Work item
Copy out again, unchanged, the listing below from the line that has "G \<longleftrightarrow> (\<forall>U\<in>K_C." through the line that has "(\<Union>i\<in>I. D i)".

Input data

(* Let $G\leq\operatorname{Homeo}(\mathfrak{C})$ be approximately full. Then $G$ is flexible if and only if $G$ is vigorous.
   Context: $\mathfrak{C}$ denotes a Cantor space (a space homeomorphic to $\{0,1\}^\omega$). Groups of homeomorphisms act on the right. $K_{\mathfrak{C}}$ denotes the set of non-empty proper clopen subsets of $\mathfrak{C}$. For $\gamma\in\operatorname{Homeo}(\mathfrak{C})$, $\operatorname{supp}(\gamma)=\{p\in\mathfrak{C}: p\gamma\neq p\}$. A subset $S\subseteq \operatorname{Homeo}(\mathfrak{C})$ is vigorous if for all clopen $A,B,C\subseteq\mathfrak{C}$ with $B,C$ non-empty proper subsets of $A$ there is $\gamma\in S$ with $\operatorname{supp}(\gamma)\subseteq A$ and $B\gamma\subseteq C$. $G$ is flexible if for all $U,V\in K_{\mathfrak{C}}$ there is $\gamma\in G$ with $U\gamma\subseteq V$. $G$ is approximately full if whenever $\Gamma\subseteq G$ is finite, $\{D_\gamma\}_{\gamma\in\Gamma}$ is a partition of $\mathfrak{C}$ into clopen sets such that $\{D_\gamma\gamma\}_{\gamma\in\Gamma}$ is also a partition of $\mathfrak{C}$, and $\delta\in\Gamma$, there exists $\chi\in G$ with $\chi|_{D_\gamma}=\gamma|_{D_\gamma}$ for every $\gamma\in\Gamma\setminus\{\delta\}$. *)

theory Defs
  imports "HOL-Analysis.Analysis"
begin

definition cantor_top :: "(nat \<Rightarrow> bool) topology" where
  "cantor_top = product_topology (\<lambda>_. discrete_topology (UNIV :: bool set)) UNIV"

definition cantor_clopen :: "(nat \<Rightarrow> bool) set \<Rightarrow> bool" where
  "cantor_clopen A \<longleftrightarrow> openin cantor_top A \<and> closedin cantor_top A"

definition K_C :: "(nat \<Rightarrow> bool) set set" where
  "K_C = {A. cantor_clopen A \<and> A \<noteq> {} \<and> A \<noteq> topspace cantor_top}"

definition Homeo_C :: "((nat \<Rightarrow> bool) \<Rightarrow> (nat \<Rightarrow> bool)) set" where
  "Homeo_C = {f. homeomorphic_map cantor_top cantor_top f}"

definition homeo_subgroup :: "((nat \<Rightarrow> bool) \<Rightarrow> (nat \<Rightarrow> bool)) set \<Rightarrow> bool" where
  "homeo_subgroup G \<longleftrightarrow> G \<subseteq> Homeo_C \<and> id \<in> G \<and>
     (\<forall>f\<in>G. \<forall>g\<in>G. f \<circ> g \<in> G) \<and> (\<forall>f\<in>G. inv f \<in> G)"

definition supp :: "((nat \<Rightarrow> bool) \<Rightarrow> (nat \<Rightarrow> bool)) \<Rightarrow> (nat \<Rightarrow> bool) set" where
  "supp g = {p \<in> topspace cantor_top. g p \<noteq> p}"

definition vigorous :: "((nat \<Rightarrow> bool) \<Rightarrow> (nat \<Rightarrow> bool)) set \<Rightarrow> bool" where
  "vigorous S \<longleftrightarrow> (\<forall>A B C. cantor_clopen A \<and> cantor_clopen B \<and> cantor_clopen C \<and>
      B \<noteq> {} \<and> B \<subset> A \<and> C \<noteq> {} \<and> C \<subset> A \<longrightarrow>
      (\<exists>g\<in>S. supp g \<subseteq> A \<and> g ` B \<subseteq> C))"

definition flexible :: "((nat \<Rightarrow> bool) \<Rightarrow> (nat \<Rightarrow> bool)) set \<Rightarrow> bool" where
  "flexible G \<longleftrightarrow> (\<forall>U\<in>K_C. \<forall>V\<in>K_C. \<exists>g\<in>G. g ` U \<subseteq> V)"

definition clopen_partition :: "'i set \<Rightarrow> ('i \<Rightarrow> (nat \<Rightarrow> bool) set) \<Rightarrow> bool" where
  "clopen_partition I D \<longleftrightarrow> (\<forall>i\<in>I. cantor_clopen (D i) \<and> D i \<noteq> {}) \<and>
     (\<forall>i\<in>I. \<forall>j\<in>I. i \<noteq> j \<longrightarrow> D i \<inter> D j = {}) \<and>
     (\<Union>i\<in>I. D i) = topspace cantor_top"

definition approximately_full :: "((nat \<Rightarrow> bool) \<Rightarrow> (nat \<Rightarrow> bool)) set \<Rightarrow> bool" where
  "approximately_full G \<longleftrightarrow> (\<forall>\<Gamma> D \<delta>. finite \<Gamma> \<and> \<Gamma> \<subseteq> G \<and>
      clopen_partition \<Gamma> D \<and> clopen_partition \<Gamma> (\<lambda>g. g ` D g) \<and> \<delta> \<in> \<Gamma> \<longrightarrow>
      (\<exists>h\<in>G. \<forall>g\<in>\<Gamma> - {\<delta>}. \<forall>p\<in>D g. h p = g p))"

end

theory Submission
  imports Defs
begin

text \<open>A vigorous set is flexible: take the ambient set to be the whole space.
  Conversely, given clopen \<open>B, T \<subseteq> A \<noteq> \<mathfrak>C\<close> disjoint, flexibility yields \<open>\<rho> \<in> G\<close> with
  \<open>\<rho>(B \<union> T) \<subseteq> T\<close>. Approximate fullness, applied to the partition
  \<open>{\<mathfrak>C - (B \<union> \<rho>B), B, \<rho>B}\<close> with the maps \<open>id, \<rho>, \<rho>\<inverse>\<close>, cuts \<open>\<rho>\<close> down to an element
  of \<open>G\<close> agreeing with \<open>\<rho>\<close> on \<open>B\<close> and with the identity off \<open>B \<union> \<rho>B \<subseteq> A\<close>.
  To move \<open>B\<close> into an arbitrary \<open>C \<subset> A\<close> aim at \<open>C - B\<close>; if that is empty,
  go through \<open>A - B\<close> in two such moves.\<close>

lemma topspace_cantor_top [simp]: "topspace cantor_top = UNIV"
  by (simp add: cantor_top_def topspace_product_topology)

lemma cantor_clopen_UNIV: "cantor_clopen UNIV"
  unfolding cantor_clopen_def by (metis topspace_cantor_top openin_topspace closedin_topspace)

lemma cantor_clopen_Un: "cantor_clopen A \<Longrightarrow> cantor_clopen B \<Longrightarrow> cantor_clopen (A \<union> B)"
  unfolding cantor_clopen_def by auto

lemma cantor_clopen_Diff: "cantor_clopen A \<Longrightarrow> cantor_clopen B \<Longrightarrow> cantor_clopen (A - B)"
  unfolding cantor_clopen_def by (auto intro: openin_diff closedin_diff)

lemma cantor_clopen_Compl: "cantor_clopen B \<Longrightarrow> cantor_clopen (- B)"
  using cantor_clopen_Diff[OF cantor_clopen_UNIV] by (simp add: Compl_eq_Diff_UNIV)

lemma cantor_clopen_image:
  assumes "f \<in> Homeo_C" and "cantor_clopen A"
  shows "cantor_clopen (f ` A)"
proof -
  have hm: "homeomorphic_map cantor_top cantor_top f" using assms(1) by (simp add: Homeo_C_def)
  have "A \<subseteq> topspace cantor_top" by simp
  then show ?thesis
    using assms(2) homeomorphic_map_openness[OF hm] homeomorphic_map_closedness[OF hm]
    unfolding cantor_clopen_def by simp
qed

lemma Homeo_C_imp_bij: "f \<in> Homeo_C \<Longrightarrow> bij f"
  unfolding Homeo_C_def bij_def
  using homeomorphic_imp_injective_map homeomorphic_imp_surjective_map by fastforce

lemma supp_comp_subset: "supp (f \<circ> g) \<subseteq> supp f \<union> supp g"
  unfolding supp_def by auto

lemma clopen_partition_three:
  assumes "a \<noteq> b" "a \<noteq> c" "b \<noteq> c"
    and "cantor_clopen (F a)" "cantor_clopen (F b)" "cantor_clopen (F c)"
    and "F a \<noteq> {}" "F b \<noteq> {}" "F c \<noteq> {}"
    and "F a \<inter> F b = {}" "F a \<inter> F c = {}" "F b \<inter> F c = {}"
    and "F a \<union> F b \<union> F c = UNIV"
  shows "clopen_partition {a, b, c} F"
  using assms unfolding clopen_partition_def by (auto simp: Int_commute)

lemma approximately_full_swap:
  assumes G: "homeo_subgroup G" and AF: "approximately_full G"
    and \<rho>G: "\<rho> \<in> G" and \<rho>_inv: "inv \<rho> \<noteq> \<rho>"
    and B: "cantor_clopen B" "B \<noteq> {}"
    and disj: "B \<inter> \<rho> ` B = {}" and proper: "B \<union> \<rho> ` B \<noteq> UNIV"
  obtains h where "h \<in> G" "\<And>p. p \<in> B \<Longrightarrow> h p = \<rho> p" "\<And>p. p \<notin> B \<union> \<rho> ` B \<Longrightarrow> h p = p"
proof -
  define \<sigma> where "\<sigma> = inv \<rho>"
  have \<rho>H: "\<rho> \<in> Homeo_C" and \<sigma>G: "\<sigma> \<in> G"
    using G \<rho>G by (auto simp: homeo_subgroup_def \<sigma>_def)
  have bij: "bij \<rho>" using Homeo_C_imp_bij[OF \<rho>H] .
  have \<rho>_id: "\<rho> \<noteq> id" using disj B(2) by auto
  then have \<sigma>_id: "\<sigma> \<noteq> id" using bij by (metis \<sigma>_def inv_id inv_inv_eq)
  have \<rho>_\<sigma>: "\<rho> \<noteq> \<sigma>" using \<rho>_inv by (simp add: \<sigma>_def)
  have \<sigma>\<rho>B: "\<sigma> ` \<rho> ` B = B"
    using bij by (simp add: \<sigma>_def image_image bij_is_inj)
  define D where "D g = (if g = id then - (B \<union> \<rho> ` B) else if g = \<rho> then B else \<rho> ` B)" for g
  have D: "D id = - (B \<union> \<rho> ` B)" "D \<rho> = B" "D \<sigma> = \<rho> ` B"
    using \<rho>_id \<sigma>_id \<rho>_\<sigma> by (auto simp: D_def)
  have clopen: "cantor_clopen (- (B \<union> \<rho> ` B))" "cantor_clopen (\<rho> ` B)"
    using B cantor_clopen_image[OF \<rho>H] cantor_clopen_Un cantor_clopen_Compl by blast+
  \<comment> \<open>The partition is indexed by the maps themselves, so \<open>id\<close>, \<open>\<rho>\<close>, \<open>\<rho>\<inverse>\<close> must be distinct;
    this is why involutions \<open>\<rho>\<close> are excluded.\<close>
  let ?\<Gamma> = "{id, \<rho>, \<sigma>}"
  have "clopen_partition ?\<Gamma> D"
    using \<rho>_id \<sigma>_id \<rho>_\<sigma> clopen B disj proper
    by (intro clopen_partition_three) (simp_all add: D, blast+)
  moreover have "clopen_partition ?\<Gamma> (\<lambda>g. g ` D g)"
    using \<rho>_id \<sigma>_id \<rho>_\<sigma> clopen B disj proper
    by (intro clopen_partition_three) (simp_all add: D \<sigma>\<rho>B, blast+)
  moreover have "?\<Gamma> \<subseteq> G" using G \<rho>G \<sigma>G by (auto simp: homeo_subgroup_def)
  ultimately obtain h where "h \<in> G" and h: "\<forall>g\<in>?\<Gamma> - {\<sigma>}. \<forall>p\<in>D g. h p = g p"
    using AF[unfolded approximately_full_def, rule_format, of ?\<Gamma> D \<sigma>] by auto
  show thesis
  proof (rule that)
    show "h \<in> G" by fact
    show "h p = \<rho> p" if "p \<in> B" for p
      using h[rule_format, of \<rho> p] \<rho>_\<sigma> that D(2) by simp
    show "h p = p" if "p \<notin> B \<union> \<rho> ` B" for p
      using h[rule_format, of id p] \<sigma>_id that D(1) by simp
  qed
qed

lemma flexible_move_into_disjoint:
  assumes G: "homeo_subgroup G" and AF: "approximately_full G" and FL: "flexible G"
    and A: "A \<noteq> UNIV"
    and B: "cantor_clopen B" "B \<noteq> {}" "B \<subseteq> A"
    and T: "cantor_clopen T" "T \<noteq> {}" "T \<subseteq> A"
    and disj: "B \<inter> T = {}"
  shows "\<exists>h\<in>G. supp h \<subseteq> A \<and> h ` B \<subseteq> T"
proof -
  have "B \<union> T \<in> K_C" "T \<in> K_C"
    using A B T cantor_clopen_Un by (auto simp: K_C_def)
  then obtain \<rho> where \<rho>G: "\<rho> \<in> G" and \<rho>BT: "\<rho> ` (B \<union> T) \<subseteq> T"
    using FL unfolding flexible_def by blast
  obtain b where b: "b \<in> B" using B by blast
  have \<rho>_inv: "inv \<rho> \<noteq> \<rho>"
  proof
    assume inv: "inv \<rho> = \<rho>"
    have "bij \<rho>"
      using G \<rho>G Homeo_C_imp_bij by (auto simp: homeo_subgroup_def)
    then have "\<rho> (\<rho> b) = b"
      using inv_f_f[of \<rho> b] inv by (simp add: bij_is_inj)
    moreover have "\<rho> (\<rho> b) \<in> T"
      using \<rho>BT b by (simp add: image_subset_iff)
    ultimately show False
      using b disj by (metis disjoint_iff)
  qed
  have \<rho>B: "\<rho> ` B \<subseteq> T" using \<rho>BT by blast
  have BA: "B \<union> \<rho> ` B \<subseteq> A" using \<rho>B B(3) T(3) by blast
  have "B \<inter> \<rho> ` B = {}" using \<rho>B disj by blast
  moreover have "B \<union> \<rho> ` B \<noteq> UNIV" using BA A by blast
  ultimately obtain h where "h \<in> G" and h_B: "\<And>p. p \<in> B \<Longrightarrow> h p = \<rho> p"
    and h_fix: "\<And>p. p \<notin> B \<union> \<rho> ` B \<Longrightarrow> h p = p"
    using approximately_full_swap[OF G AF \<rho>G \<rho>_inv B(1,2)] by blast
  moreover have "supp h \<subseteq> A"
    using h_fix BA unfolding supp_def by blast
  moreover have "h ` B \<subseteq> T" using h_B \<rho>B by auto
  ultimately show ?thesis by blast
qed

lemma vigorous_imp_flexible:
  assumes "vigorous G"
  shows "flexible G"
  unfolding flexible_def
proof (intro ballI)
  fix U V assume "U \<in> K_C" "V \<in> K_C"
  then have U: "cantor_clopen U" "U \<noteq> {}" "U \<subset> UNIV"
    and V: "cantor_clopen V" "V \<noteq> {}" "V \<subset> UNIV"
    by (auto simp: K_C_def)
  show "\<exists>g\<in>G. g ` U \<subseteq> V"
    using assms[unfolded vigorous_def, rule_format, of UNIV U V] cantor_clopen_UNIV U V by blast
qed

lemma flexible_imp_vigorous:
  assumes G: "homeo_subgroup G" and AF: "approximately_full G" and FL: "flexible G"
  shows "vigorous G"
  unfolding vigorous_def
proof (intro allI impI, elim conjE)
  fix A B C
  assume A: "cantor_clopen A" and B: "cantor_clopen B" "B \<noteq> {}" "B \<subset> A"
    and C: "cantor_clopen C" "C \<noteq> {}" "C \<subset> A"
  note move = flexible_move_into_disjoint[OF G AF FL]
  show "\<exists>g\<in>G. supp g \<subseteq> A \<and> g ` B \<subseteq> C"
  proof (cases "A = UNIV")
    case True
    then have "B \<in> K_C" "C \<in> K_C" using B C by (auto simp: K_C_def)
    then obtain g where "g \<in> G" "g ` B \<subseteq> C" using FL unfolding flexible_def by blast
    then show ?thesis using True by blast
  next
    case A_proper: False
    show ?thesis
    proof (cases "C - B = {}")
      case False
      have "cantor_clopen (C - B)" using B(1) C(1) by (rule cantor_clopen_Diff[rotated])
      then obtain h where "h \<in> G" "supp h \<subseteq> A" "h ` B \<subseteq> C - B"
        using move[OF A_proper B(1,2)] B(3) C(3) False by blast
      then show ?thesis by blast
    next
      case True
      have AB: "cantor_clopen (A - B)" "A - B \<noteq> {}" "A - B \<subseteq> A"
        using A B cantor_clopen_Diff by auto
      obtain h1 where h1: "h1 \<in> G" "supp h1 \<subseteq> A" "h1 ` B \<subseteq> A - B"
        using move[OF A_proper B(1,2) _ AB] B(3) by blast
      obtain h2 where h2: "h2 \<in> G" "supp h2 \<subseteq> A" "h2 ` (A - B) \<subseteq> C"
        using move[OF A_proper AB C(1,2)] C(3) True by blast
      have "h2 \<circ> h1 \<in> G" using G h1(1) h2(1) by (auto simp: homeo_subgroup_def)
      moreover have "supp (h2 \<circ> h1) \<subseteq> A" using supp_comp_subset h1(2) h2(2) by blast
      moreover have "(h2 \<circ> h1) ` B \<subseteq> C" using h1(3) h2(3) by (auto simp: image_subset_iff)
      ultimately show ?thesis by blast
    qed
  qed
qed

theorem lemma2p14:
  assumes "homeo_subgroup G" and "approximately_full G"
  shows "flexible G \<longleftrightarrow> vigorous G"
  using flexible_imp_vigorous[OF assms] vigorous_imp_flexible by blast

end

Written response
  "flexible G \<longleftrightarrow> (\<forall>U\<in>K_C. \<forall>V\<in>K_C. \<exists>g\<in>G. g ` U \<subseteq> V)"

definition clopen_partition :: "'i set \<Rightarrow> ('i \<Rightarrow> (nat \<Rightarrow> bool) set) \<Rightarrow> bool" where
  "clopen_partition I D \<longleftrightarrow> (\<forall>i\<in>I. cantor_clopen (D i) \<and> D i \<noteq> {}) \<and>
     (\<forall>i\<in>I. \<forall>j\<in>I. i \<noteq> j \<longrightarrow> D i \<inter> D j = {}) \<and>
     (\<Union>i\<in>I. D i) = topspace cantor_top"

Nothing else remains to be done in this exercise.